→ **EXERCISE**: Which of the lines below include "impI"? Each one should be copied out.

(Stored data entries)
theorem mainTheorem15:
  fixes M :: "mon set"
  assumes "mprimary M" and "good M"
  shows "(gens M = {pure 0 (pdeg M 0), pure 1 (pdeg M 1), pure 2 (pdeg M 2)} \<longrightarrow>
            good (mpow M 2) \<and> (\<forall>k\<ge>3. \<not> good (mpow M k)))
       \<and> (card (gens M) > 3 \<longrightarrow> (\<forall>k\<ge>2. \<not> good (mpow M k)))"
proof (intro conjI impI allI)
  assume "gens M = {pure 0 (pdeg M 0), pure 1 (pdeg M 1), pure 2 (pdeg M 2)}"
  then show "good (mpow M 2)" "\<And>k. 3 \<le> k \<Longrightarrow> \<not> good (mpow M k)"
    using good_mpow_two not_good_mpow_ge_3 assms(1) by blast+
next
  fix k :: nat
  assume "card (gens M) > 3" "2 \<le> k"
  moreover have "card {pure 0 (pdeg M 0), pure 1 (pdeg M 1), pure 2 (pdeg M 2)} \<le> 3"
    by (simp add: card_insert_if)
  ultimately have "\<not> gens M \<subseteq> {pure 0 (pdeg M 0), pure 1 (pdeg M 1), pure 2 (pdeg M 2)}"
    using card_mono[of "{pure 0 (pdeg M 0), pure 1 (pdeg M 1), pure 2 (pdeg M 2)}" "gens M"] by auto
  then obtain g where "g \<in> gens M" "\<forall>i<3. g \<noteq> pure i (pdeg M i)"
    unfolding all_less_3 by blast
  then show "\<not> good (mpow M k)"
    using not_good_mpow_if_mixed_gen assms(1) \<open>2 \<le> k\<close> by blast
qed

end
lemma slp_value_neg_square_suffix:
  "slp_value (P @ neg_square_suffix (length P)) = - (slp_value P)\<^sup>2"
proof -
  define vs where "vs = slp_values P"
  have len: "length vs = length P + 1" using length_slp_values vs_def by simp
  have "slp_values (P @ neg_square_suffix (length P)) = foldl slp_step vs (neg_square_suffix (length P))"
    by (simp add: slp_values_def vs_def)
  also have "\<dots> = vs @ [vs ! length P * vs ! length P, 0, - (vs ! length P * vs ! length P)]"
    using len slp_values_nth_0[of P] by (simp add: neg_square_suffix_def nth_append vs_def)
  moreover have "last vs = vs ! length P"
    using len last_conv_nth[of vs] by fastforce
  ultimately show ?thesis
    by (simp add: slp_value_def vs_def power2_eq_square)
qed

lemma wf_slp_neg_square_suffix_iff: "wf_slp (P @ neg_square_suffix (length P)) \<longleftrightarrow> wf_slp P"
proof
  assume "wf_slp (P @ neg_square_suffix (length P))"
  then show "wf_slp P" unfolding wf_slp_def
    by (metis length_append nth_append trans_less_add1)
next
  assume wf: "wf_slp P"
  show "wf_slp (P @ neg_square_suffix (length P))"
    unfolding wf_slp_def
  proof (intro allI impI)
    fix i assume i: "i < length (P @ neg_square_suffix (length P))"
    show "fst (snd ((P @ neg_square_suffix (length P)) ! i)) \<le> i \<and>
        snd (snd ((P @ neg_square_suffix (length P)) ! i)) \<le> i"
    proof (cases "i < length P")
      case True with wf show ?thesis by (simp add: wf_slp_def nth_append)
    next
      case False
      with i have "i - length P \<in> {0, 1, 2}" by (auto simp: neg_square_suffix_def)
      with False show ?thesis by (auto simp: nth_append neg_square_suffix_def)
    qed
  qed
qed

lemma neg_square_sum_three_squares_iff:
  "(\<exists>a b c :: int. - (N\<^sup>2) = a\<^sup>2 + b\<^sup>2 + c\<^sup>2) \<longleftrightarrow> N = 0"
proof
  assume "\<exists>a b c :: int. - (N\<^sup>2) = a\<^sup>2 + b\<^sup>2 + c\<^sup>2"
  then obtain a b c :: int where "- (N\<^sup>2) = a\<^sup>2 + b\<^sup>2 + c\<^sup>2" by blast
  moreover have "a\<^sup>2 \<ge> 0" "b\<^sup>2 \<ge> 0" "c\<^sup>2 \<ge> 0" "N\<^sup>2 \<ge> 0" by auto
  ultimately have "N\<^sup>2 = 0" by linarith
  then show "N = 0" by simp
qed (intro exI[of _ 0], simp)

→ **PROBLEM SOLUTION**:
proof (intro conjI impI allI)
  proof (intro allI impI)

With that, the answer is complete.